* **TASK ITEM**: Within the records below, reproduce without change the lines from the line that has "the limit in" through the line that has "I \<in> borel_measurable M \<and>", and only those.

(Stored dataset items)
Segment Open
text \<open>I is the stochastic convolution integral over (0,t] of R(t - .) against dZ:
  the limit in probability of the Riemann--Stieltjes sums
  sum_i R(t - s_i)(Z(r_i) - Z(r_{i-1})) as the mesh of the partition tends to 0,
  for arbitrary tags s_i in [r_{i-1}, r_i].\<close>
definition stoch_conv_integral ::
  "'a measure \<Rightarrow> (real \<Rightarrow> 'h \<Rightarrow>\<^sub>L 'h::{real_normed_vector,second_countable_topology})
     \<Rightarrow> (real \<Rightarrow> 'a \<Rightarrow> 'h) \<Rightarrow> real \<Rightarrow> ('a \<Rightarrow> 'h) \<Rightarrow> bool" where
  "stoch_conv_integral M R Z t I \<longleftrightarrow>
     I \<in> borel_measurable M \<and>
     (\<forall>\<epsilon>>0. \<forall>\<eta>>0. \<exists>\<delta>>0. \<forall>n r s.
        is_partition 0 t n r \<and> mesh n r < \<delta> \<and> (\<forall>i<n. r i \<le> s i \<and> s i \<le> r (Suc i)) \<longrightarrow>
        measure M {\<omega>\<in>space M.
           \<epsilon> < norm ((\<Sum>i<n. blinfun_apply (R (t - s i)) (Z (r (Suc i)) \<omega> - Z (r i) \<omega>)) - I \<omega>)} < \<eta>)"

end

theory Submission
  imports Defs
begin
Segment Closed
* **SOLUTION TO THE PROBLEM**:
  the limit in probability of the Riemann--Stieltjes sums
  sum_i R(t - s_i)(Z(r_i) - Z(r_{i-1})) as the mesh of the partition tends to 0,
  for arbitrary tags s_i in [r_{i-1}, r_i].\<close>
definition stoch_conv_integral ::
  "'a measure \<Rightarrow> (real \<Rightarrow> 'h \<Rightarrow>\<^sub>L 'h::{real_normed_vector,second_countable_topology})
     \<Rightarrow> (real \<Rightarrow> 'a \<Rightarrow> 'h) \<Rightarrow> real \<Rightarrow> ('a \<Rightarrow> 'h) \<Rightarrow> bool" where
  "stoch_conv_integral M R Z t I \<longleftrightarrow>
     I \<in> borel_measurable M \<and>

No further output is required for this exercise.